▶ [Exercise aim]:
Write out every line from the listing below where the string "point" is found.

+--

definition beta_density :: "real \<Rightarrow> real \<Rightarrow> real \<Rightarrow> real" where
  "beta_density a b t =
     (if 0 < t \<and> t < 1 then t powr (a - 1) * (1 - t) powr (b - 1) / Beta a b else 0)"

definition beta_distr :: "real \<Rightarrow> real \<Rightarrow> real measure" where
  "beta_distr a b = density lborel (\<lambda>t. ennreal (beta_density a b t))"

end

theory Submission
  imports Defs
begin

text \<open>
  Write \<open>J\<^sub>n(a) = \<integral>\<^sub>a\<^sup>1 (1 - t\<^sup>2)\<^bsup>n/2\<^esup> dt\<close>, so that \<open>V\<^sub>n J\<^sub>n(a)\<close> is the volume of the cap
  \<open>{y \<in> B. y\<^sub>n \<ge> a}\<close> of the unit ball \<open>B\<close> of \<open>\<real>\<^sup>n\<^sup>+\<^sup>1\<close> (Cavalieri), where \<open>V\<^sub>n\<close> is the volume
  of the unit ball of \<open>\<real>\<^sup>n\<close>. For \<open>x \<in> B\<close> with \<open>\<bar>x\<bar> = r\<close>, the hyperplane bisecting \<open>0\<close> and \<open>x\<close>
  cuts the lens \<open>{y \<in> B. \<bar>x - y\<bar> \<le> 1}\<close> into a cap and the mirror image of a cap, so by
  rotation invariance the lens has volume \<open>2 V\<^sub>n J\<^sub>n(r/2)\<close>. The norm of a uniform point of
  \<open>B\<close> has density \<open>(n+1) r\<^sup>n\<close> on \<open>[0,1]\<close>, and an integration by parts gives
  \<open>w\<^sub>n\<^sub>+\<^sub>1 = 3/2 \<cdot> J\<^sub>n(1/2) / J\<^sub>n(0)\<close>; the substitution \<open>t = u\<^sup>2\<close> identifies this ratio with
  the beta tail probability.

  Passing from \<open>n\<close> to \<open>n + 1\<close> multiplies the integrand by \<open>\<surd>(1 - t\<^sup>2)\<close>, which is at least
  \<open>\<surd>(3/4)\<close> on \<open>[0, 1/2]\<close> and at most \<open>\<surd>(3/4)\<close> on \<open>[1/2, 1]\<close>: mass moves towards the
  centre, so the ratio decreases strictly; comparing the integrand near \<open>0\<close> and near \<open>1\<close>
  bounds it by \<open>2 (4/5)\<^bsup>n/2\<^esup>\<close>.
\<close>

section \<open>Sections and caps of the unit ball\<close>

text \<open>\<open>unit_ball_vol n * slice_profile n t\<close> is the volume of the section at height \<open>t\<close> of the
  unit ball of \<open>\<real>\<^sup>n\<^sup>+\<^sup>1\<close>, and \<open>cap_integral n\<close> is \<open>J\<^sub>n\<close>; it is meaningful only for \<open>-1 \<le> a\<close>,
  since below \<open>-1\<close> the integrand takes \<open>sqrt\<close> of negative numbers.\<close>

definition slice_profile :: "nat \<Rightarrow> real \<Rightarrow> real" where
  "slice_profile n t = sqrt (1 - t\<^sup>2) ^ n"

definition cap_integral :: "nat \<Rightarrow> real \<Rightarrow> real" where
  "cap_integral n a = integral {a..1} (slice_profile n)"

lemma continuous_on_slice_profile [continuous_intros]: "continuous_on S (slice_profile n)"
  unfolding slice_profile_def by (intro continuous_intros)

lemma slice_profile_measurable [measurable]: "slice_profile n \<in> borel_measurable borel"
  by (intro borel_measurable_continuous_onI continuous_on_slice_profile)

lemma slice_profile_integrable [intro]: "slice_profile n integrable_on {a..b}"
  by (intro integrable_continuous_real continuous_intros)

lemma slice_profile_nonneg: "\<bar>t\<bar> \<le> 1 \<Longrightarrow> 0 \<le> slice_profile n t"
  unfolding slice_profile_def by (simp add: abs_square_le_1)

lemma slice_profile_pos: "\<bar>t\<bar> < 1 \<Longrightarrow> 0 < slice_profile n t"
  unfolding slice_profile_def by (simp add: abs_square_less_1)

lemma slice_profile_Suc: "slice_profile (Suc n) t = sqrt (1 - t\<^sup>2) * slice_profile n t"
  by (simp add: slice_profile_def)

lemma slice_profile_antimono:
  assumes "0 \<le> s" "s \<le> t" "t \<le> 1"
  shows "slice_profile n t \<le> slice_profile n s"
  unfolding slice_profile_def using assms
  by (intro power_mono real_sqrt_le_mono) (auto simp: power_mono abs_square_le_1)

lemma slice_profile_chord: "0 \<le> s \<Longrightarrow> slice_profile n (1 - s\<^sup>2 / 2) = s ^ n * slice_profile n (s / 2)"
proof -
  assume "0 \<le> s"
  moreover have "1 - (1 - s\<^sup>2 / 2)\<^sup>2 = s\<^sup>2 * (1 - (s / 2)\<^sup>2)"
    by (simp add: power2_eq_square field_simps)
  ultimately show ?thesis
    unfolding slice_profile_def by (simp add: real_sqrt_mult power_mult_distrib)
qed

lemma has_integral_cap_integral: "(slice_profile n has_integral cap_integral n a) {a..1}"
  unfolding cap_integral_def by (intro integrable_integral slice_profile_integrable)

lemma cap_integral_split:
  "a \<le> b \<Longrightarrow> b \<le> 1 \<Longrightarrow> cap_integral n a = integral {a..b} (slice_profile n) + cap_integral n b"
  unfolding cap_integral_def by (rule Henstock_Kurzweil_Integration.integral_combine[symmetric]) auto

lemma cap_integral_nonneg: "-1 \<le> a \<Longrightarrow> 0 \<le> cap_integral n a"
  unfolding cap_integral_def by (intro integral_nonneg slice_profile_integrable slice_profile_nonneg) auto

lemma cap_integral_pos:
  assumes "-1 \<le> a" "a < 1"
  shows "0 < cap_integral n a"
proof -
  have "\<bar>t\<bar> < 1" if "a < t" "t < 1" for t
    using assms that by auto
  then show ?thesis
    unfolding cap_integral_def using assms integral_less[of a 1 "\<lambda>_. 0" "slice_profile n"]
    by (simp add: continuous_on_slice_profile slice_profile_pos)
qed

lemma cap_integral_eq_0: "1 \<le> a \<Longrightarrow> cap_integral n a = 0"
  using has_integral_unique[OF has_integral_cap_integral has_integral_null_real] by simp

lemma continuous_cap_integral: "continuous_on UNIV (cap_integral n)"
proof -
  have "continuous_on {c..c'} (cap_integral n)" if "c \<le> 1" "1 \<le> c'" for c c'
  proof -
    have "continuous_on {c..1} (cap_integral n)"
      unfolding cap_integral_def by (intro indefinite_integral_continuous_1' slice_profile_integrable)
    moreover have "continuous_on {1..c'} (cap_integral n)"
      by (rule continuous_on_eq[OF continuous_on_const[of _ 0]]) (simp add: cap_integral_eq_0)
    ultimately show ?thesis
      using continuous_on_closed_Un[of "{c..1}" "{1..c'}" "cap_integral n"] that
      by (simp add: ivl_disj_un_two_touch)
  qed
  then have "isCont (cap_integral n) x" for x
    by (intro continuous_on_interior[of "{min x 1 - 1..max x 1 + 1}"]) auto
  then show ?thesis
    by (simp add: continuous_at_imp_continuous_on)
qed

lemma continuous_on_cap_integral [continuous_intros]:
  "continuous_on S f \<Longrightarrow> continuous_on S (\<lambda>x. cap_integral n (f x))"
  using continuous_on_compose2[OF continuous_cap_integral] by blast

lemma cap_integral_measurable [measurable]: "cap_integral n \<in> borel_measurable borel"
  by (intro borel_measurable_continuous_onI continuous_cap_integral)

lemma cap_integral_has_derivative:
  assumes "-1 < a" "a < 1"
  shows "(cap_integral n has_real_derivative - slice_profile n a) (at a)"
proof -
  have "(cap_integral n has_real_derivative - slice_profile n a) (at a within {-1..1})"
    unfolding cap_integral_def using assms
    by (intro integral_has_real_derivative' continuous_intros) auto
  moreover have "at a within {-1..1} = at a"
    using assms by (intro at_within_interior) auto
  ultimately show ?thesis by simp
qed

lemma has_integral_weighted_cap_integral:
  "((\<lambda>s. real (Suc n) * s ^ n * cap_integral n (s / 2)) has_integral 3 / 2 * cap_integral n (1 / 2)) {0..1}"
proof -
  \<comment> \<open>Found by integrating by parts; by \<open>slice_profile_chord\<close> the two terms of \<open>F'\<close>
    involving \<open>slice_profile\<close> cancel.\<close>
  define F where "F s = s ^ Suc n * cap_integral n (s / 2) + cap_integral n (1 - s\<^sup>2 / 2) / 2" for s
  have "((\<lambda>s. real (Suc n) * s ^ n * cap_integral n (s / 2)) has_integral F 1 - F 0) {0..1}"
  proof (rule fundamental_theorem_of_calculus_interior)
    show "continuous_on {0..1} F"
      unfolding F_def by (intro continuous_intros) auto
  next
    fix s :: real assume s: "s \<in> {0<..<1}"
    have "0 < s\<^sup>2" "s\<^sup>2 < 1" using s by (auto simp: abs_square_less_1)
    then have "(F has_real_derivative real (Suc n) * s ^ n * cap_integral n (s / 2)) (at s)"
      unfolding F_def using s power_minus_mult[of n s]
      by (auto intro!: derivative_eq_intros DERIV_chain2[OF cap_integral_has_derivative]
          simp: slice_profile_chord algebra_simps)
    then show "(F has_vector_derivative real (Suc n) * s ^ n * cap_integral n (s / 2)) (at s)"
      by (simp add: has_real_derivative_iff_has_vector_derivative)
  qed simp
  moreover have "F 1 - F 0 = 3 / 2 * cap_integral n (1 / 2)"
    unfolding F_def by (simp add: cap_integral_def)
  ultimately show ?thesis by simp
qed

+--

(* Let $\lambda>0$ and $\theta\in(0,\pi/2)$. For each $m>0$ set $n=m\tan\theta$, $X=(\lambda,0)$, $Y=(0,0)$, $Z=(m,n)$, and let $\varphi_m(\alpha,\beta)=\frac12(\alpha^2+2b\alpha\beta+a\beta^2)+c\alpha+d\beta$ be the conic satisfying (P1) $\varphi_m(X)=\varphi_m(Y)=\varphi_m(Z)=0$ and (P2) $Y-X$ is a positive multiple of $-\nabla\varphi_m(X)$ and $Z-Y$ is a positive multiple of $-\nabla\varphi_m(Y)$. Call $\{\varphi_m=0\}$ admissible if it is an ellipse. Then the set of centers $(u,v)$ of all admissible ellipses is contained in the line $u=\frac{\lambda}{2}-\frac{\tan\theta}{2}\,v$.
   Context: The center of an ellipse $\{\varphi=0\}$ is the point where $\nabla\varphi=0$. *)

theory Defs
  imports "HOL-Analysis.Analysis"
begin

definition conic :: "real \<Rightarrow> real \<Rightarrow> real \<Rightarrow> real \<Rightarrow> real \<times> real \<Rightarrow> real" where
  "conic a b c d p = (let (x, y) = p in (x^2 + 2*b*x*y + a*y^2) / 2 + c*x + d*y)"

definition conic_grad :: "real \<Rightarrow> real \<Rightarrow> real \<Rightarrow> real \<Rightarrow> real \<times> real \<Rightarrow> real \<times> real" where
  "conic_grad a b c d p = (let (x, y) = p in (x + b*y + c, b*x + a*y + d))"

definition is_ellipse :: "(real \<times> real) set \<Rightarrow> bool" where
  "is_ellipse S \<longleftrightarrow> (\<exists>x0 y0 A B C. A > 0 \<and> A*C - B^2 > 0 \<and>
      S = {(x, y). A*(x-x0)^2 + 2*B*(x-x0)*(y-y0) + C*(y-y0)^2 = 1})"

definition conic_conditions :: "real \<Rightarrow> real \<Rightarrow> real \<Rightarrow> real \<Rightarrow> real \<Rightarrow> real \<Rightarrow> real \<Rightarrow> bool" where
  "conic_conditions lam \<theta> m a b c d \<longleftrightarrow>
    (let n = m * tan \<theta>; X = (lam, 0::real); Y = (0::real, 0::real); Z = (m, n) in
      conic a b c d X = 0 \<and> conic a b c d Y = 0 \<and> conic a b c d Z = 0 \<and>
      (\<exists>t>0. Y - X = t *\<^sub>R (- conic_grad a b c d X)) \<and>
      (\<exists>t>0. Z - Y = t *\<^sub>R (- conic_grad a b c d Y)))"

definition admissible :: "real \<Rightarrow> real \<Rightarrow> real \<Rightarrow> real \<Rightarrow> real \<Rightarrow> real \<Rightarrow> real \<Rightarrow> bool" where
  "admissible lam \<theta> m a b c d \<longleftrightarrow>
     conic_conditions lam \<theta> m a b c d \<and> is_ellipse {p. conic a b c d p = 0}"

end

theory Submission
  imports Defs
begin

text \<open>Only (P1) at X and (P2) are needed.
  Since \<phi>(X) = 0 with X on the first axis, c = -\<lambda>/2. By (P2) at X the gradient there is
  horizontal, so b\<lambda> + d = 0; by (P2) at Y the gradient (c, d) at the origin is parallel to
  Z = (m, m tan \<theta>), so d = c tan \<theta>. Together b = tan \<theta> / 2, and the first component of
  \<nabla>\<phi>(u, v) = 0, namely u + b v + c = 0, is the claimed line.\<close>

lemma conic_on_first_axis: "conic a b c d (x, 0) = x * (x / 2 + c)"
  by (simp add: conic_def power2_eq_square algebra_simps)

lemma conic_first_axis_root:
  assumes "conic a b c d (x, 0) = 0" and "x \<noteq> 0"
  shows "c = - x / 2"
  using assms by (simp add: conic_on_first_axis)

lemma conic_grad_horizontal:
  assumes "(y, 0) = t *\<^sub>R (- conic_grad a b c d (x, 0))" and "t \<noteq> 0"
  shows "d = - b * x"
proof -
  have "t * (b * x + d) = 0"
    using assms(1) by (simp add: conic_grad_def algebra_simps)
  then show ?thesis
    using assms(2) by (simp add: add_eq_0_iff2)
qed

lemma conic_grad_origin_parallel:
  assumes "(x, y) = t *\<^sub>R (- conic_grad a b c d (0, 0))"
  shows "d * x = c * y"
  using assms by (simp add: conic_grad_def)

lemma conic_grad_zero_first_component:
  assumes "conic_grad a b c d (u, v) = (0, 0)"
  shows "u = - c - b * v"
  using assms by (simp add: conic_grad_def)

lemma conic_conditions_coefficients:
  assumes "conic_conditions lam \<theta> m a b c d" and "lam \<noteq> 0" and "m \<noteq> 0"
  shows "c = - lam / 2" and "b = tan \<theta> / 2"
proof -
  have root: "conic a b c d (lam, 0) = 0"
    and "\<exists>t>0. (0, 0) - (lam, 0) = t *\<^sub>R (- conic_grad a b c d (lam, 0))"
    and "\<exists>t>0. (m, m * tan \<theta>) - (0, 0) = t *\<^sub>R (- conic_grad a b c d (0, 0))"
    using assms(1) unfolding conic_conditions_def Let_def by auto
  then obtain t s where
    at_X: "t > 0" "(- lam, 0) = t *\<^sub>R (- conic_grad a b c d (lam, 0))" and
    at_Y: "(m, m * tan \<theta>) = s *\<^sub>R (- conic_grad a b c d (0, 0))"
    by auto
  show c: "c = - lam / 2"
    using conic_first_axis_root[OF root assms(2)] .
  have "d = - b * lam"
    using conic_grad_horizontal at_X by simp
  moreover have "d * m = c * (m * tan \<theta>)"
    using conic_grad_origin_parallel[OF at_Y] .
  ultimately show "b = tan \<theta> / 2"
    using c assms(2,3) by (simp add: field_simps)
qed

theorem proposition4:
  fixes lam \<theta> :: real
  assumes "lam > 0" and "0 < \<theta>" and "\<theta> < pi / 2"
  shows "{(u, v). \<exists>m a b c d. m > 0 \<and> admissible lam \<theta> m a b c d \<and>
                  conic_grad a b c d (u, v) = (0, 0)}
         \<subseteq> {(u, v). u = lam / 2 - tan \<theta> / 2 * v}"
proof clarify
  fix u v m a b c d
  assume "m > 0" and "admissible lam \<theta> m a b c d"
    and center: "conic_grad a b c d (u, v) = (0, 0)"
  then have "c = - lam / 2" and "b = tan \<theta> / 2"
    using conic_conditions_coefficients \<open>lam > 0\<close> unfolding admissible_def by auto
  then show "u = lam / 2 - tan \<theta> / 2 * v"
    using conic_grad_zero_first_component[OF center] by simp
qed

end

+--

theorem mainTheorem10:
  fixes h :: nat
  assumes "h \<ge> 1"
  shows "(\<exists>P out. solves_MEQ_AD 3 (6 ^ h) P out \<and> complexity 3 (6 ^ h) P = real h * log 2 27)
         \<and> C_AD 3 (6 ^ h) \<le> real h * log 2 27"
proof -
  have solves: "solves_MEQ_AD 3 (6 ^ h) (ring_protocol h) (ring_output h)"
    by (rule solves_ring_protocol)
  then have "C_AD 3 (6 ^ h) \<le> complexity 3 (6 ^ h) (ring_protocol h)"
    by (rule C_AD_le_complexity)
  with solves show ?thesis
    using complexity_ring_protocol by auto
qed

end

+--

▶ [Output for this exercise]:
  rotation invariance the lens has volume \<open>2 V\<^sub>n J\<^sub>n(r/2)\<close>. The norm of a uniform point of
   Context: The center of an ellipse $\{\varphi=0\}$ is the point where $\nabla\varphi=0$. *)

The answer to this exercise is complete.